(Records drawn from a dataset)
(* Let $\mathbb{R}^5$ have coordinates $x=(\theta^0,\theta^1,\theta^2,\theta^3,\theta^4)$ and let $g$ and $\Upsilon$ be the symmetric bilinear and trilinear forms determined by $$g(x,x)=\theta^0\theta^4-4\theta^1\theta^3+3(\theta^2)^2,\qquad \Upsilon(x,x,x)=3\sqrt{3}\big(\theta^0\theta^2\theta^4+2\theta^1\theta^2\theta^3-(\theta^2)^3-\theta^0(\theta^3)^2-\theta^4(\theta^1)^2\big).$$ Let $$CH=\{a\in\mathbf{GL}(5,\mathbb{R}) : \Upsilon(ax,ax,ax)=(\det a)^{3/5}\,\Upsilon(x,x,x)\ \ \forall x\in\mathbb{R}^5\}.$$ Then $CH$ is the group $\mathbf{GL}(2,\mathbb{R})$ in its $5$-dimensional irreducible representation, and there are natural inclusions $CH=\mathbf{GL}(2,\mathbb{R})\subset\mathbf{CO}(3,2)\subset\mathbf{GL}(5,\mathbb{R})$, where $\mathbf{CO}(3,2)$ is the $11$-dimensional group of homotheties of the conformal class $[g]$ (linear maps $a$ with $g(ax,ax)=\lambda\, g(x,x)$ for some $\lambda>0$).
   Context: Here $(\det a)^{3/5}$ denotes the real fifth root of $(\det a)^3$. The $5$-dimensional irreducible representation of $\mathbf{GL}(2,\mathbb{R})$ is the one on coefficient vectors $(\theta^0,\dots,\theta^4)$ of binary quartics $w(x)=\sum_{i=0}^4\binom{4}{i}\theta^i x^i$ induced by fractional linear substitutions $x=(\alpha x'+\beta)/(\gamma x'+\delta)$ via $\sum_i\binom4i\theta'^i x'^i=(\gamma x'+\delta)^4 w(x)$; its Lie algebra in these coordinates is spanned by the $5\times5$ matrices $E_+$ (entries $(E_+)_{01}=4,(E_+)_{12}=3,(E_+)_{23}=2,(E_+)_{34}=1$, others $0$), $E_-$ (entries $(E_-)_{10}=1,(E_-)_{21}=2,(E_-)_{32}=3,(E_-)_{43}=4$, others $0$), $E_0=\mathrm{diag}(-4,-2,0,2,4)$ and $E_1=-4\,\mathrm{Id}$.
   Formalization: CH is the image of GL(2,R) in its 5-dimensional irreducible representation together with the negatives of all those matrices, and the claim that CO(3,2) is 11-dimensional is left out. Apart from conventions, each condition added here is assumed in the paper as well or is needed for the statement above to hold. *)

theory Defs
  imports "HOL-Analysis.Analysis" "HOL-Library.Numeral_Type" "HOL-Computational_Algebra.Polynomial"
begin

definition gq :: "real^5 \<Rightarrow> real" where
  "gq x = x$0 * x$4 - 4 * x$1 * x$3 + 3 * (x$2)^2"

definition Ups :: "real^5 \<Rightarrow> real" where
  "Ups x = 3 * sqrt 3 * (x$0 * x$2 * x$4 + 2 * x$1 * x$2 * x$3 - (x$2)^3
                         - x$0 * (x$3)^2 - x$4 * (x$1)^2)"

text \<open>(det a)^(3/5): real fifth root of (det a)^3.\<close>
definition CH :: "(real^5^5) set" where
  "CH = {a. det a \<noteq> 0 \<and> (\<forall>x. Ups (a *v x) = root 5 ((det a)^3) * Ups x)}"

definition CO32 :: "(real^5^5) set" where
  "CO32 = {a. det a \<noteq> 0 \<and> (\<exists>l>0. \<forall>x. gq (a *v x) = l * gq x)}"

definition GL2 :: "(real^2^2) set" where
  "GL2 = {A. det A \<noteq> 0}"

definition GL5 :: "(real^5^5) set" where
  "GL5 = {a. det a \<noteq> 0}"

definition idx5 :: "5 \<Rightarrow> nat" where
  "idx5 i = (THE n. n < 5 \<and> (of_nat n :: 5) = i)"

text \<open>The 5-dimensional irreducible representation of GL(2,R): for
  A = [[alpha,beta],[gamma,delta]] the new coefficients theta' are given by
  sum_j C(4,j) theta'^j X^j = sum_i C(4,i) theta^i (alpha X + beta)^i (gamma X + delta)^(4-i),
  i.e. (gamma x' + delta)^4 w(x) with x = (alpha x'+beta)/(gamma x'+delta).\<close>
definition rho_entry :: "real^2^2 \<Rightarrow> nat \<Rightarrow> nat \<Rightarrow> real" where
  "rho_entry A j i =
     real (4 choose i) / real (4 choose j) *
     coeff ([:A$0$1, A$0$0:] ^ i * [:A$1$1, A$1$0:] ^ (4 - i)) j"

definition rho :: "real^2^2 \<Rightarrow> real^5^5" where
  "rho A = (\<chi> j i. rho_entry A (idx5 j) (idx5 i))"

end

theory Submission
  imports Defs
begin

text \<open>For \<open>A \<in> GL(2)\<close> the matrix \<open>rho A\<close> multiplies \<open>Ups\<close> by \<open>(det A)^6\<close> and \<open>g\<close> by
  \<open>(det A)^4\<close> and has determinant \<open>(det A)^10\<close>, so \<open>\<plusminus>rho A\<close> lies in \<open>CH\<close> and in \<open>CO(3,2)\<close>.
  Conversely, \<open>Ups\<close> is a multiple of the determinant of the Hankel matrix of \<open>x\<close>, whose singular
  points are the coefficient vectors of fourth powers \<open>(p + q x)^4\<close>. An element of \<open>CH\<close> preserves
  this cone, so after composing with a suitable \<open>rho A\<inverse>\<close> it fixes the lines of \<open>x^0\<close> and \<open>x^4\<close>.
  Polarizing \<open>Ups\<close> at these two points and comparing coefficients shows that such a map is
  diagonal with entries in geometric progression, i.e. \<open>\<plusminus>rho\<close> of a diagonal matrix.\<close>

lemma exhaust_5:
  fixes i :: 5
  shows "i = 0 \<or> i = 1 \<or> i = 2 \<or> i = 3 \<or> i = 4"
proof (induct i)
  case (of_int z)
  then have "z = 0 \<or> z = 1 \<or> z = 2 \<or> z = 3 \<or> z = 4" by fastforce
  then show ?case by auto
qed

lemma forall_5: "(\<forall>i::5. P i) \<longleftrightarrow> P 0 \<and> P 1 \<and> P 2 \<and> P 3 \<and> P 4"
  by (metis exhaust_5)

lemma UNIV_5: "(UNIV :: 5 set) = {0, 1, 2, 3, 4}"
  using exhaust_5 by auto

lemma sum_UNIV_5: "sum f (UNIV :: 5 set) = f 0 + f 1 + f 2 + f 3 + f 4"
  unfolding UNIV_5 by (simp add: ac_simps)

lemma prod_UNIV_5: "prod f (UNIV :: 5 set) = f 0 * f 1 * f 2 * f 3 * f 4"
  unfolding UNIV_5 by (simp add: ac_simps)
==
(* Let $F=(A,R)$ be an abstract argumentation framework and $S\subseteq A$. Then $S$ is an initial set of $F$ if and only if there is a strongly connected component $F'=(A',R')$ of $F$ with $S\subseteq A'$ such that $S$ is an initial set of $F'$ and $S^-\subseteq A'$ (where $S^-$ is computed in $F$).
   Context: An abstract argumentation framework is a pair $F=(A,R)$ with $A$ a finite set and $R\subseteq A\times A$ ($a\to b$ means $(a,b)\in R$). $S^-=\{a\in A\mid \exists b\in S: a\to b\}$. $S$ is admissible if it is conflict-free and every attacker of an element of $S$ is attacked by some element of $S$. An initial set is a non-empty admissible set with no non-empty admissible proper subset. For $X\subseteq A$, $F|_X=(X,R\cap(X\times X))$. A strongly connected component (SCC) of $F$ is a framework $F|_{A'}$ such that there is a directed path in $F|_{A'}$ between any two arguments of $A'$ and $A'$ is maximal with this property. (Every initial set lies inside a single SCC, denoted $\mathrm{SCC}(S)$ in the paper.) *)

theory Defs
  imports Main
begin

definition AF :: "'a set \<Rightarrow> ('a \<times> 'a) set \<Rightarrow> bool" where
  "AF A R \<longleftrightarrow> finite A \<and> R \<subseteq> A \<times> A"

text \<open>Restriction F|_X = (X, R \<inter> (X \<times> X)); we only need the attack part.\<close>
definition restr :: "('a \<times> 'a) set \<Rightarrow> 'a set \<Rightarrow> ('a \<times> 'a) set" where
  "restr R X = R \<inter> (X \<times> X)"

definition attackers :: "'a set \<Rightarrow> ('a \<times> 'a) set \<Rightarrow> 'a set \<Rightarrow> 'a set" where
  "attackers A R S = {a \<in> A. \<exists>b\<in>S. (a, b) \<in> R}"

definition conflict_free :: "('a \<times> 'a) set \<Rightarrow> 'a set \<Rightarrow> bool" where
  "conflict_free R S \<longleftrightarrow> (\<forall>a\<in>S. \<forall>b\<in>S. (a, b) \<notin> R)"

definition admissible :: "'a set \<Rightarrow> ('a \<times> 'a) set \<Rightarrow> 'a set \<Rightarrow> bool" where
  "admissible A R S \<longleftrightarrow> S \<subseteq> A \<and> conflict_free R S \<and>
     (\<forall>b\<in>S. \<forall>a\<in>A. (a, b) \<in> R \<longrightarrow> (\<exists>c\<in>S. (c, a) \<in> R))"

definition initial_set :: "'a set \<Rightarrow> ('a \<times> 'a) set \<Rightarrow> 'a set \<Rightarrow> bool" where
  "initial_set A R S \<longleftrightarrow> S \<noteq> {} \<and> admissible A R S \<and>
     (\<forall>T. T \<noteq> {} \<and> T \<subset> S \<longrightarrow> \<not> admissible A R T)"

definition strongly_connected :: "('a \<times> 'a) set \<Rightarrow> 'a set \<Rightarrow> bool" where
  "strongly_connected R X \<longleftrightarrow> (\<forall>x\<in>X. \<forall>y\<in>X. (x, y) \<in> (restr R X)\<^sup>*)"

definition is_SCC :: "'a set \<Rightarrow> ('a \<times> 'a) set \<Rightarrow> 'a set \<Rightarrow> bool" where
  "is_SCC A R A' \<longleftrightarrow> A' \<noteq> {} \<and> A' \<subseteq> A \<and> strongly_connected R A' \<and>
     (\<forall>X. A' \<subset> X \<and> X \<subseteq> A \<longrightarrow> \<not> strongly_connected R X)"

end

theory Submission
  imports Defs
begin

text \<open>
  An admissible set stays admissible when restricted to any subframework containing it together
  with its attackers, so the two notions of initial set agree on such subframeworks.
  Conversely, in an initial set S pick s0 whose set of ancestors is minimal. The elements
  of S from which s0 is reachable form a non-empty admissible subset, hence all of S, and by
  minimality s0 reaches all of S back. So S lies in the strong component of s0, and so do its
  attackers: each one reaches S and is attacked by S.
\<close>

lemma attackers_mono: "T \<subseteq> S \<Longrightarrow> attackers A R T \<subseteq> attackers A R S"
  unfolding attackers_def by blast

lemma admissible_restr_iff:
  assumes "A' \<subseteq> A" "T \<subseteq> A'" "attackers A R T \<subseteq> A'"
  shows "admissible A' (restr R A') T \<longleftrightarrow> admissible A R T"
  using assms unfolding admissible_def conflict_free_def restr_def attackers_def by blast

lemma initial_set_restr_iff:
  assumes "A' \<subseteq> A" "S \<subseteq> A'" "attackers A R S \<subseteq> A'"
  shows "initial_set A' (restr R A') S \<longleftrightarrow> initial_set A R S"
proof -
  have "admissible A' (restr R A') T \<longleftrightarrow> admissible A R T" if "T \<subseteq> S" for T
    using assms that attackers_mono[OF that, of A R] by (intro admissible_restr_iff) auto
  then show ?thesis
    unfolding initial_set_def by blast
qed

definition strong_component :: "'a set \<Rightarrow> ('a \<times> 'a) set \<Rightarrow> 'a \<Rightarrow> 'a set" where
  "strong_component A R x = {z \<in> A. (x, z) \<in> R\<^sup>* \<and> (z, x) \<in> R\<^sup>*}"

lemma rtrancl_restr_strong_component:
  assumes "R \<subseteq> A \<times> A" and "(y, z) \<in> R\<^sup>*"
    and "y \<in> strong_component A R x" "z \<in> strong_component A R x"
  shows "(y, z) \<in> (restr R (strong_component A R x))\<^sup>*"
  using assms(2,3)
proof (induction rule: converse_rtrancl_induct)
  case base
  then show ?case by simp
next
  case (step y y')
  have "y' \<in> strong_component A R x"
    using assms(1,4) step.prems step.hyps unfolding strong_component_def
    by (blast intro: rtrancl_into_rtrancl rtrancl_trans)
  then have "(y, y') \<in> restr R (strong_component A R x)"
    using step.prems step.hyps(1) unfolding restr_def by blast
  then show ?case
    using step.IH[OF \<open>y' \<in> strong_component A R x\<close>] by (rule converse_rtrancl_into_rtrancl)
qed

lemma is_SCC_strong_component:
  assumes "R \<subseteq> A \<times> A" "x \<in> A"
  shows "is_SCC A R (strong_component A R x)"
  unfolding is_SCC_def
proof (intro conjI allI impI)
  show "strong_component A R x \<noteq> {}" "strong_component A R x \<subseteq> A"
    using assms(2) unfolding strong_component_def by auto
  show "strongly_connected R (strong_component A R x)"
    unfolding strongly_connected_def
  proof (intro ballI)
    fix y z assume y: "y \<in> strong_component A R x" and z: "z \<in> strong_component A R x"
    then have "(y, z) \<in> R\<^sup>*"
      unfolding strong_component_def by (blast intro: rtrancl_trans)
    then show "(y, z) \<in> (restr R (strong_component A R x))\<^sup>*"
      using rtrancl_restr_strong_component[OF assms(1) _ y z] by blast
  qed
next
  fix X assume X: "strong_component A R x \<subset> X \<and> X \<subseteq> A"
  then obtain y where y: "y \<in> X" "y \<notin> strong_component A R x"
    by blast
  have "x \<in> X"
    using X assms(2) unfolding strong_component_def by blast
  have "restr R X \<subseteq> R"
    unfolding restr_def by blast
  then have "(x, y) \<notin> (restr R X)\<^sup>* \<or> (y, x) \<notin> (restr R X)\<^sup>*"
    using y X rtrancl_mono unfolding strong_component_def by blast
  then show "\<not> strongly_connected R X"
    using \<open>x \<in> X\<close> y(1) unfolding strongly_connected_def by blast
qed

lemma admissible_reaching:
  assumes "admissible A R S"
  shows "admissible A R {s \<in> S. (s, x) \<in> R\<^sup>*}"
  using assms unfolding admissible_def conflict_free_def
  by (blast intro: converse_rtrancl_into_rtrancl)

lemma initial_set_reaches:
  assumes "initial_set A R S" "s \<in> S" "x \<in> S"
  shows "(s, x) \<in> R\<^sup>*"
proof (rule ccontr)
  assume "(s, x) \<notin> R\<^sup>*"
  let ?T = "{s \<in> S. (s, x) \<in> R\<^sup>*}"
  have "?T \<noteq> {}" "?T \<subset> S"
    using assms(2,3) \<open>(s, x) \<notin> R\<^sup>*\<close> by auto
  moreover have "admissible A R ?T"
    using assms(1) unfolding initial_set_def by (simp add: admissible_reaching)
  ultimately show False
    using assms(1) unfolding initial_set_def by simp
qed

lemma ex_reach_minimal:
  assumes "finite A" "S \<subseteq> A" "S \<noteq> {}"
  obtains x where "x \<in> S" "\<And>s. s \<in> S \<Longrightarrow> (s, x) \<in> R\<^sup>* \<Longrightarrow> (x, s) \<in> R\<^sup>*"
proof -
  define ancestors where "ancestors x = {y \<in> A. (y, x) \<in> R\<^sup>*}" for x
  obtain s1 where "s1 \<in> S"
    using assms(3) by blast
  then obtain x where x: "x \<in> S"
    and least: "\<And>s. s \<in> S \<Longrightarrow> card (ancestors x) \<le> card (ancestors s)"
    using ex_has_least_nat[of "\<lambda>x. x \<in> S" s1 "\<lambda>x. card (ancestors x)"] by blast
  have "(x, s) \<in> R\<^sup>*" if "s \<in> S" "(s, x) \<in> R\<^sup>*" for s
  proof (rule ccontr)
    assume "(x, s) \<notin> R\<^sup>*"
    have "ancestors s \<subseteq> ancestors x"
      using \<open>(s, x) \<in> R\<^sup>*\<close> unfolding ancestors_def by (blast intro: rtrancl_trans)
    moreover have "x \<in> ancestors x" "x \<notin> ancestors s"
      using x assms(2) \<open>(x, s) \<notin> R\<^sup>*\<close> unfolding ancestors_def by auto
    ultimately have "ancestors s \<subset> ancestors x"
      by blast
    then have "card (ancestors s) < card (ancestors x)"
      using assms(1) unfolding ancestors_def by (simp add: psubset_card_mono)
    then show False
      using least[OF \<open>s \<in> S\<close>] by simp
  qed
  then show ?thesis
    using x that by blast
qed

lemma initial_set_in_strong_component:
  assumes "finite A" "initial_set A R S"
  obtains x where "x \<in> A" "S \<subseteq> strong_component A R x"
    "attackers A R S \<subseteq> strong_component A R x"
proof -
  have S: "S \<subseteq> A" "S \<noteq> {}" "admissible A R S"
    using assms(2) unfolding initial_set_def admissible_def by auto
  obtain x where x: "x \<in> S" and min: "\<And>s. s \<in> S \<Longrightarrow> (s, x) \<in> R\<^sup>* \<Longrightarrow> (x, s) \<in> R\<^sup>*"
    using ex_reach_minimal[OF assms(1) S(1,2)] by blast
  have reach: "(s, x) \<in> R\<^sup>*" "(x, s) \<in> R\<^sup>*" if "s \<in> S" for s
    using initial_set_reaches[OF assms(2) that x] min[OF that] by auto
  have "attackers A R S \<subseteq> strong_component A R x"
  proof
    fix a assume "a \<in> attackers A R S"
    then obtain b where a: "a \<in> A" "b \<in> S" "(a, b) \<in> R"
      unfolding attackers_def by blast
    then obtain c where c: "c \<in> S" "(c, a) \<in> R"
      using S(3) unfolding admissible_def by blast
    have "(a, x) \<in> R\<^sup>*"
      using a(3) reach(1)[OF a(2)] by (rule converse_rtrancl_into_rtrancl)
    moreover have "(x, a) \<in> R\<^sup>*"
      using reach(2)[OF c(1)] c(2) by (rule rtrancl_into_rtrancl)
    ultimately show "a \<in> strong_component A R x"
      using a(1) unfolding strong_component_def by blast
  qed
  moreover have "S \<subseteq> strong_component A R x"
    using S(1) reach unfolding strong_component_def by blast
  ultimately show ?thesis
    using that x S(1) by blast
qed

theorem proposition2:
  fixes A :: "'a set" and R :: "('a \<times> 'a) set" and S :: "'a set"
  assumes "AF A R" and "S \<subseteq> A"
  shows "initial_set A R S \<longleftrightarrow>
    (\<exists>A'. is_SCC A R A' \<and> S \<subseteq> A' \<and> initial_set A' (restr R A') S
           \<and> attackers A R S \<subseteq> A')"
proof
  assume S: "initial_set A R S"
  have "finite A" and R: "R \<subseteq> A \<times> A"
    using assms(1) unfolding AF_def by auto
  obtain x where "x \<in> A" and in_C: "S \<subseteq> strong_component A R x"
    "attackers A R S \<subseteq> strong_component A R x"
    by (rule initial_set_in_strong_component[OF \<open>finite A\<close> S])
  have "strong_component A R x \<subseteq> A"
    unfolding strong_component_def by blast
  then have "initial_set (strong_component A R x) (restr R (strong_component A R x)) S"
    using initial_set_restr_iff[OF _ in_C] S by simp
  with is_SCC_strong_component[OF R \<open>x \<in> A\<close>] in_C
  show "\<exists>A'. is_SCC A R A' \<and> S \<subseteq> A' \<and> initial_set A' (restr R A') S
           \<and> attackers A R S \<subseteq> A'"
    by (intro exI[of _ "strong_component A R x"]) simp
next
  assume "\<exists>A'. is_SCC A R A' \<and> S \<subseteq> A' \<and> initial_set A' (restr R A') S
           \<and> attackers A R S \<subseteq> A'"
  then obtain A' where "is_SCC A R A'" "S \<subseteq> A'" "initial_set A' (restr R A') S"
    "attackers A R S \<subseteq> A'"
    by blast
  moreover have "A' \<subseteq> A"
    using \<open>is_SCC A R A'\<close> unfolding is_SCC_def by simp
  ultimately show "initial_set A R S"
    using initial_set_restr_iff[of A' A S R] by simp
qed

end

## AIM OF THE TASK
Output the lines above exactly, but only those between the line holding "for some $\lambda>0$)." and the line holding "- x$0 * (x$3)^2", inclusive.

## ANSWER TO THE PROBLEM
(* Let $\mathbb{R}^5$ have coordinates $x=(\theta^0,\theta^1,\theta^2,\theta^3,\theta^4)$ and let $g$ and $\Upsilon$ be the symmetric bilinear and trilinear forms determined by $$g(x,x)=\theta^0\theta^4-4\theta^1\theta^3+3(\theta^2)^2,\qquad \Upsilon(x,x,x)=3\sqrt{3}\big(\theta^0\theta^2\theta^4+2\theta^1\theta^2\theta^3-(\theta^2)^3-\theta^0(\theta^3)^2-\theta^4(\theta^1)^2\big).$$ Let $$CH=\{a\in\mathbf{GL}(5,\mathbb{R}) : \Upsilon(ax,ax,ax)=(\det a)^{3/5}\,\Upsilon(x,x,x)\ \ \forall x\in\mathbb{R}^5\}.$$ Then $CH$ is the group $\mathbf{GL}(2,\mathbb{R})$ in its $5$-dimensional irreducible representation, and there are natural inclusions $CH=\mathbf{GL}(2,\mathbb{R})\subset\mathbf{CO}(3,2)\subset\mathbf{GL}(5,\mathbb{R})$, where $\mathbf{CO}(3,2)$ is the $11$-dimensional group of homotheties of the conformal class $[g]$ (linear maps $a$ with $g(ax,ax)=\lambda\, g(x,x)$ for some $\lambda>0$).
   Context: Here $(\det a)^{3/5}$ denotes the real fifth root of $(\det a)^3$. The $5$-dimensional irreducible representation of $\mathbf{GL}(2,\mathbb{R})$ is the one on coefficient vectors $(\theta^0,\dots,\theta^4)$ of binary quartics $w(x)=\sum_{i=0}^4\binom{4}{i}\theta^i x^i$ induced by fractional linear substitutions $x=(\alpha x'+\beta)/(\gamma x'+\delta)$ via $\sum_i\binom4i\theta'^i x'^i=(\gamma x'+\delta)^4 w(x)$; its Lie algebra in these coordinates is spanned by the $5\times5$ matrices $E_+$ (entries $(E_+)_{01}=4,(E_+)_{12}=3,(E_+)_{23}=2,(E_+)_{34}=1$, others $0$), $E_-$ (entries $(E_-)_{10}=1,(E_-)_{21}=2,(E_-)_{32}=3,(E_-)_{43}=4$, others $0$), $E_0=\mathrm{diag}(-4,-2,0,2,4)$ and $E_1=-4\,\mathrm{Id}$.
   Formalization: CH is the image of GL(2,R) in its 5-dimensional irreducible representation together with the negatives of all those matrices, and the claim that CO(3,2) is 11-dimensional is left out. Apart from conventions, each condition added here is assumed in the paper as well or is needed for the statement above to hold. *)

theory Defs
  imports "HOL-Analysis.Analysis" "HOL-Library.Numeral_Type" "HOL-Computational_Algebra.Polynomial"
begin

definition gq :: "real^5 \<Rightarrow> real" where
  "gq x = x$0 * x$4 - 4 * x$1 * x$3 + 3 * (x$2)^2"

definition Ups :: "real^5 \<Rightarrow> real" where
  "Ups x = 3 * sqrt 3 * (x$0 * x$2 * x$4 + 2 * x$1 * x$2 * x$3 - (x$2)^3
                         - x$0 * (x$3)^2 - x$4 * (x$1)^2)"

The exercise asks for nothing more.